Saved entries
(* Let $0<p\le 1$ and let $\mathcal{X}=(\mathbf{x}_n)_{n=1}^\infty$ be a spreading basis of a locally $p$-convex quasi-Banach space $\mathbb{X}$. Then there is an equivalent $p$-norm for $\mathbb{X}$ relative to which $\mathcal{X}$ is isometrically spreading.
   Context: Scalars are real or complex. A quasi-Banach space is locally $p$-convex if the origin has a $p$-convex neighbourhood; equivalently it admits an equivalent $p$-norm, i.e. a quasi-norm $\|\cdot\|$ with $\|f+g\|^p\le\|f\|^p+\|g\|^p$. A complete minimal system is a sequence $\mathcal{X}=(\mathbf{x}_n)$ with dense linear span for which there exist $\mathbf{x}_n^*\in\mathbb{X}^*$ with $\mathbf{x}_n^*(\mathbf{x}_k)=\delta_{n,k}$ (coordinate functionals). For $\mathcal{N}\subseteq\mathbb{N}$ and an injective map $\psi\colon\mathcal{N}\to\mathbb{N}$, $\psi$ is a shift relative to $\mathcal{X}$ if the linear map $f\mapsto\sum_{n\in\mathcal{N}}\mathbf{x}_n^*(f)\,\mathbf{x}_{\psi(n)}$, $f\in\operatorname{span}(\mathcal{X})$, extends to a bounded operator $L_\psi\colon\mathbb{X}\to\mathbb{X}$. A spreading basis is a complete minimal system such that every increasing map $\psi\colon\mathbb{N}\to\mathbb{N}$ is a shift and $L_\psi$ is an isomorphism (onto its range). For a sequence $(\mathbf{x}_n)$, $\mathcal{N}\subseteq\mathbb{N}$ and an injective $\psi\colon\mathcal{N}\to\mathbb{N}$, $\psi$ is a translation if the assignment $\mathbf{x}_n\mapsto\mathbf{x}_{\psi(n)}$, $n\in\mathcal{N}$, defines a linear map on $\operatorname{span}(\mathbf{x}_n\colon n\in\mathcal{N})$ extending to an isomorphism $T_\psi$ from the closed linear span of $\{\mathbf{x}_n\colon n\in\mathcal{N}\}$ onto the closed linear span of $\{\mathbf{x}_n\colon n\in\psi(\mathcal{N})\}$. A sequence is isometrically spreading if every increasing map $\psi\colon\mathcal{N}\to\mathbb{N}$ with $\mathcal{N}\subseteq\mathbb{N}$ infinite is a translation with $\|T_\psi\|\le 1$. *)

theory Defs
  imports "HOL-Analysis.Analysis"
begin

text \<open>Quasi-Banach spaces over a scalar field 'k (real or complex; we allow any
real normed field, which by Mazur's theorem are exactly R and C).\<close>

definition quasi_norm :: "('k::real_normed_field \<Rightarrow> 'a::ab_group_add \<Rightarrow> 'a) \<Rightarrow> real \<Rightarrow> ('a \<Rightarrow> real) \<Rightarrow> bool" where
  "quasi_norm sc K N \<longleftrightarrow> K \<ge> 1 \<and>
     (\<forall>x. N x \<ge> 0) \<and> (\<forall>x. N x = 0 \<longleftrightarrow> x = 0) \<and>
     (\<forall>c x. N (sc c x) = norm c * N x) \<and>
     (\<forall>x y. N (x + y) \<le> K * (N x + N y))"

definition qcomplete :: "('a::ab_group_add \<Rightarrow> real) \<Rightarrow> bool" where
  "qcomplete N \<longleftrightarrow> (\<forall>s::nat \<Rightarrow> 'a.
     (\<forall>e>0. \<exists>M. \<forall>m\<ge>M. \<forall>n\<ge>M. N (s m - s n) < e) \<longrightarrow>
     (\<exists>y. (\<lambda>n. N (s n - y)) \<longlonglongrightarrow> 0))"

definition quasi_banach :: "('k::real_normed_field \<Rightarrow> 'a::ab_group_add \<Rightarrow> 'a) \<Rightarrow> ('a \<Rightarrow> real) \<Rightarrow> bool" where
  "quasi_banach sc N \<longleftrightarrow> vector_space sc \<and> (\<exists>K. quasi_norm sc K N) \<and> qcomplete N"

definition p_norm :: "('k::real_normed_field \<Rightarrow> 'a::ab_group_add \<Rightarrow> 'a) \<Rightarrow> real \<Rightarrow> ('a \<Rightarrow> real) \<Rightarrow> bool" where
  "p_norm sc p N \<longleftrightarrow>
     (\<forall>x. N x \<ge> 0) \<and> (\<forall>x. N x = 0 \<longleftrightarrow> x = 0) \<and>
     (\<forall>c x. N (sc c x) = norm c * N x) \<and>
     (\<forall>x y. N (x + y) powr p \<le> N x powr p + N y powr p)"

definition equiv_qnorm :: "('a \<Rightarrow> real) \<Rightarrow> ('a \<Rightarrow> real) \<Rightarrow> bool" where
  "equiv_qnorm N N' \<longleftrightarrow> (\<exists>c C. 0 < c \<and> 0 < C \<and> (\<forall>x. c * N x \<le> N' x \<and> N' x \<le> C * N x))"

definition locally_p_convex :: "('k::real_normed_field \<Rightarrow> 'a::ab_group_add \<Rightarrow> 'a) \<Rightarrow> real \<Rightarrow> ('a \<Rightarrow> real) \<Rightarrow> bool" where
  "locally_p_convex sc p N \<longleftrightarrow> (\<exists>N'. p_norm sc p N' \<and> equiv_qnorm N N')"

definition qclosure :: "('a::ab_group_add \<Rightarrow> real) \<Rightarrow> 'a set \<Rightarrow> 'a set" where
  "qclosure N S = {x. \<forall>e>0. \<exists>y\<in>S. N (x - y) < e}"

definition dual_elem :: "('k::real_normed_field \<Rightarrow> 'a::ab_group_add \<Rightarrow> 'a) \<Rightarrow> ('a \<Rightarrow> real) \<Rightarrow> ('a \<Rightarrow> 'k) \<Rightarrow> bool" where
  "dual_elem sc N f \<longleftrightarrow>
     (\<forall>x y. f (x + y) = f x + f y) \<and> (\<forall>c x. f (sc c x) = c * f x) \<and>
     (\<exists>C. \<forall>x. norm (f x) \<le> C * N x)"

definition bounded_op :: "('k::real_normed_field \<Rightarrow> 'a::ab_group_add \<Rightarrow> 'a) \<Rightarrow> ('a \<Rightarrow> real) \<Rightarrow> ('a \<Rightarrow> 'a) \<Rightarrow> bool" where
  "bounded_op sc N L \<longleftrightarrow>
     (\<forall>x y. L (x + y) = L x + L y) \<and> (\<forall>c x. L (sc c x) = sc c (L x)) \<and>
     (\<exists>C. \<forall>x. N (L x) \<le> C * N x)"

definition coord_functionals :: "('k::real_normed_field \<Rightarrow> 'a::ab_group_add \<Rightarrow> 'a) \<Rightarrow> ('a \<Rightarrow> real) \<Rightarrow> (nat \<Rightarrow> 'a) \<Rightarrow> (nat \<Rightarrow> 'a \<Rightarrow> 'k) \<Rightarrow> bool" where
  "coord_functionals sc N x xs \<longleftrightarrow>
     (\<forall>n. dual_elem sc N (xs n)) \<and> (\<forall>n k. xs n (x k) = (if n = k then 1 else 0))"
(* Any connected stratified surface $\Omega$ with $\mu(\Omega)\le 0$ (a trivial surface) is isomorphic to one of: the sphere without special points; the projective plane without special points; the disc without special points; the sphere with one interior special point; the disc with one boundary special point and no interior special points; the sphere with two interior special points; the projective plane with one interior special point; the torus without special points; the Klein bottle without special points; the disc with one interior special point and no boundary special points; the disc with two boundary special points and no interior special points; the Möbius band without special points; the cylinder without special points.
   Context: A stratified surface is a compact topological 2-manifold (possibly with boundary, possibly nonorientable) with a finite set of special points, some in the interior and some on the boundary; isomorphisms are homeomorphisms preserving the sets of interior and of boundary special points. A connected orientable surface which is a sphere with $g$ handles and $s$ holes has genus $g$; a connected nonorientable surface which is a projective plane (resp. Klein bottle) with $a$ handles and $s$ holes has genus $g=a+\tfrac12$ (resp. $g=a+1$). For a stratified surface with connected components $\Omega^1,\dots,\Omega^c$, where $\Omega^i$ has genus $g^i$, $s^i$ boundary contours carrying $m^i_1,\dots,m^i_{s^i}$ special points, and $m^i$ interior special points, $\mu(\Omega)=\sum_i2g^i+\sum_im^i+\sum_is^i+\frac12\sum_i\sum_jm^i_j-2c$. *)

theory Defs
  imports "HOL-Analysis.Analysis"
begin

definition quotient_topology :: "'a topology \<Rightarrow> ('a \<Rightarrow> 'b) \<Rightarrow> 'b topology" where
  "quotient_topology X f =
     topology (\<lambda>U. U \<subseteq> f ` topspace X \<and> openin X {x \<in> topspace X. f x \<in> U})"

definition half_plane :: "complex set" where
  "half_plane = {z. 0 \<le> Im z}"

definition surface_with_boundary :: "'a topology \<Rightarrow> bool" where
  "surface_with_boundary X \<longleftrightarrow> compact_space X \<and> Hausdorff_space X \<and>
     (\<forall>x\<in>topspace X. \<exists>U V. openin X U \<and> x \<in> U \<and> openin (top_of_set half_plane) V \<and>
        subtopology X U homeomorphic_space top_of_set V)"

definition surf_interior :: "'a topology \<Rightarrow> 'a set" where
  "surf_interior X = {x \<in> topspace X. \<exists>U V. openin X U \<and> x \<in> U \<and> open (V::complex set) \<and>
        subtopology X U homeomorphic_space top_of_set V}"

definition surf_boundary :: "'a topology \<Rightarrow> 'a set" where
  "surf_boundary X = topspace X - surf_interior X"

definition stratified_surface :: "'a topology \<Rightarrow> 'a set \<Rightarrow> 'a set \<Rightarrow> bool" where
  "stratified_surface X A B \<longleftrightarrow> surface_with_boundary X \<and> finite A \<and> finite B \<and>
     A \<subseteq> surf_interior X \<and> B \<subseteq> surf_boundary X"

What this task involves → Each line above that has the word "basis" should be copied.

Exercise output →
(* Let $0<p\le 1$ and let $\mathcal{X}=(\mathbf{x}_n)_{n=1}^\infty$ be a spreading basis of a locally $p$-convex quasi-Banach space $\mathbb{X}$. Then there is an equivalent $p$-norm for $\mathbb{X}$ relative to which $\mathcal{X}$ is isometrically spreading.
   Context: Scalars are real or complex. A quasi-Banach space is locally $p$-convex if the origin has a $p$-convex neighbourhood; equivalently it admits an equivalent $p$-norm, i.e. a quasi-norm $\|\cdot\|$ with $\|f+g\|^p\le\|f\|^p+\|g\|^p$. A complete minimal system is a sequence $\mathcal{X}=(\mathbf{x}_n)$ with dense linear span for which there exist $\mathbf{x}_n^*\in\mathbb{X}^*$ with $\mathbf{x}_n^*(\mathbf{x}_k)=\delta_{n,k}$ (coordinate functionals). For $\mathcal{N}\subseteq\mathbb{N}$ and an injective map $\psi\colon\mathcal{N}\to\mathbb{N}$, $\psi$ is a shift relative to $\mathcal{X}$ if the linear map $f\mapsto\sum_{n\in\mathcal{N}}\mathbf{x}_n^*(f)\,\mathbf{x}_{\psi(n)}$, $f\in\operatorname{span}(\mathcal{X})$, extends to a bounded operator $L_\psi\colon\mathbb{X}\to\mathbb{X}$. A spreading basis is a complete minimal system such that every increasing map $\psi\colon\mathbb{N}\to\mathbb{N}$ is a shift and $L_\psi$ is an isomorphism (onto its range). For a sequence $(\mathbf{x}_n)$, $\mathcal{N}\subseteq\mathbb{N}$ and an injective $\psi\colon\mathcal{N}\to\mathbb{N}$, $\psi$ is a translation if the assignment $\mathbf{x}_n\mapsto\mathbf{x}_{\psi(n)}$, $n\in\mathcal{N}$, defines a linear map on $\operatorname{span}(\mathbf{x}_n\colon n\in\mathcal{N})$ extending to an isomorphism $T_\psi$ from the closed linear span of $\{\mathbf{x}_n\colon n\in\mathcal{N}\}$ onto the closed linear span of $\{\mathbf{x}_n\colon n\in\psi(\mathcal{N})\}$. A sequence is isometrically spreading if every increasing map $\psi\colon\mathcal{N}\to\mathbb{N}$ with $\mathcal{N}\subseteq\mathbb{N}$ infinite is a translation with $\|T_\psi\|\le 1$. *)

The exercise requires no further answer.